Stored data entries:
lemma scalar_prod_mat_adjoint:
  fixes C D :: "complex mat"
  assumes C: "C \<in> carrier_mat r n" and D: "D \<in> carrier_mat r n" and v: "v \<in> carrier_vec n"
  shows "conjugate v \<bullet> ((mat_adjoint C * D) *\<^sub>v v) = conjugate (C *\<^sub>v v) \<bullet> (D *\<^sub>v v)"
proof -
  have "conjugate v \<bullet> ((mat_adjoint C * D) *\<^sub>v v)
      = (\<Sum>c<n. \<Sum>b<n. \<Sum>e<r. cnj (v $ c) * cnj (C $$ (e, c)) * D $$ (e, b) * v $ b)"
    using assms by (simp add: scalar_prod_def atLeast0LessThan index_mult_mat_vec_sum
        index_mat_adjoint sum_distrib_left sum_distrib_right mult_ac)
  also have "\<dots> = (\<Sum>e<r. \<Sum>c<n. \<Sum>b<n. cnj (v $ c) * cnj (C $$ (e, c)) * D $$ (e, b) * v $ b)"
    by (simp add: sum.swap[where A = "{..<r}"])
  also have "\<dots> = conjugate (C *\<^sub>v v) \<bullet> (D *\<^sub>v v)"
    using assms by (simp add: scalar_prod_def atLeast0LessThan index_mult_mat_vec_sum
        sum_distrib_left sum_distrib_right mult_ac)
  finally show ?thesis .
qed

section \<open>The symmetrizer\<close>

definition sym_coeff :: "nat list \<Rightarrow> nat list \<Rightarrow> real" where
  "sym_coeff xs ys = (\<Sum>\<sigma> | \<sigma> permutes {..<length ys}. if xs = permute_list \<sigma> ys then 1 else 0)
     / fact (length ys)"

lemma sym_coeff_mset_right:
  assumes "mset ys = mset ys'"
  shows "sym_coeff xs ys = sym_coeff xs ys'"
proof -
  obtain \<tau> where \<tau>: "\<tau> permutes {..<length ys}" "permute_list \<tau> ys = ys'"
    using mset_eq_permutation[OF assms[symmetric]] by blast
  have len: "length ys' = length ys" using \<tau>(2) by auto
  have "(\<Sum>\<sigma> | \<sigma> permutes {..<length ys}. if xs = permute_list \<sigma> ys' then 1 else 0)
      = (\<Sum>\<sigma> | \<sigma> permutes {..<length ys}. if xs = permute_list (\<tau> \<circ> \<sigma>) ys then 1 else (0::real))"
    by (intro sum.cong) (auto simp: permute_list_compose \<tau>(2)[symmetric])
  also have "\<dots> = (\<Sum>\<sigma> | \<sigma> permutes {..<length ys}. if xs = permute_list \<sigma> ys then 1 else 0)"
    by (rule setum_permutations_compose_left[OF \<tau>(1), symmetric])
  finally show ?thesis unfolding sym_coeff_def len by simp
qed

• TASK GOAL:
Set down each entry again, exactly as written.

• OUTPUT OF THE EXERCISE:
lemma scalar_prod_mat_adjoint:
  fixes C D :: "complex mat"
  assumes C: "C \<in> carrier_mat r n" and D: "D \<in> carrier_mat r n" and v: "v \<in> carrier_vec n"
  shows "conjugate v \<bullet> ((mat_adjoint C * D) *\<^sub>v v) = conjugate (C *\<^sub>v v) \<bullet> (D *\<^sub>v v)"
proof -
  have "conjugate v \<bullet> ((mat_adjoint C * D) *\<^sub>v v)
      = (\<Sum>c<n. \<Sum>b<n. \<Sum>e<r. cnj (v $ c) * cnj (C $$ (e, c)) * D $$ (e, b) * v $ b)"
    using assms by (simp add: scalar_prod_def atLeast0LessThan index_mult_mat_vec_sum
        index_mat_adjoint sum_distrib_left sum_distrib_right mult_ac)
  also have "\<dots> = (\<Sum>e<r. \<Sum>c<n. \<Sum>b<n. cnj (v $ c) * cnj (C $$ (e, c)) * D $$ (e, b) * v $ b)"
    by (simp add: sum.swap[where A = "{..<r}"])
  also have "\<dots> = conjugate (C *\<^sub>v v) \<bullet> (D *\<^sub>v v)"
    using assms by (simp add: scalar_prod_def atLeast0LessThan index_mult_mat_vec_sum
        sum_distrib_left sum_distrib_right mult_ac)
  finally show ?thesis .
qed

section \<open>The symmetrizer\<close>

definition sym_coeff :: "nat list \<Rightarrow> nat list \<Rightarrow> real" where
  "sym_coeff xs ys = (\<Sum>\<sigma> | \<sigma> permutes {..<length ys}. if xs = permute_list \<sigma> ys then 1 else 0)
     / fact (length ys)"

lemma sym_coeff_mset_right:
  assumes "mset ys = mset ys'"
  shows "sym_coeff xs ys = sym_coeff xs ys'"
proof -
  obtain \<tau> where \<tau>: "\<tau> permutes {..<length ys}" "permute_list \<tau> ys = ys'"
    using mset_eq_permutation[OF assms[symmetric]] by blast
  have len: "length ys' = length ys" using \<tau>(2) by auto
  have "(\<Sum>\<sigma> | \<sigma> permutes {..<length ys}. if xs = permute_list \<sigma> ys' then 1 else 0)
      = (\<Sum>\<sigma> | \<sigma> permutes {..<length ys}. if xs = permute_list (\<tau> \<circ> \<sigma>) ys then 1 else (0::real))"
    by (intro sum.cong) (auto simp: permute_list_compose \<tau>(2)[symmetric])
  also have "\<dots> = (\<Sum>\<sigma> | \<sigma> permutes {..<length ys}. if xs = permute_list \<sigma> ys then 1 else 0)"
    by (rule setum_permutations_compose_left[OF \<tau>(1), symmetric])
  finally show ?thesis unfolding sym_coeff_def len by simp
qed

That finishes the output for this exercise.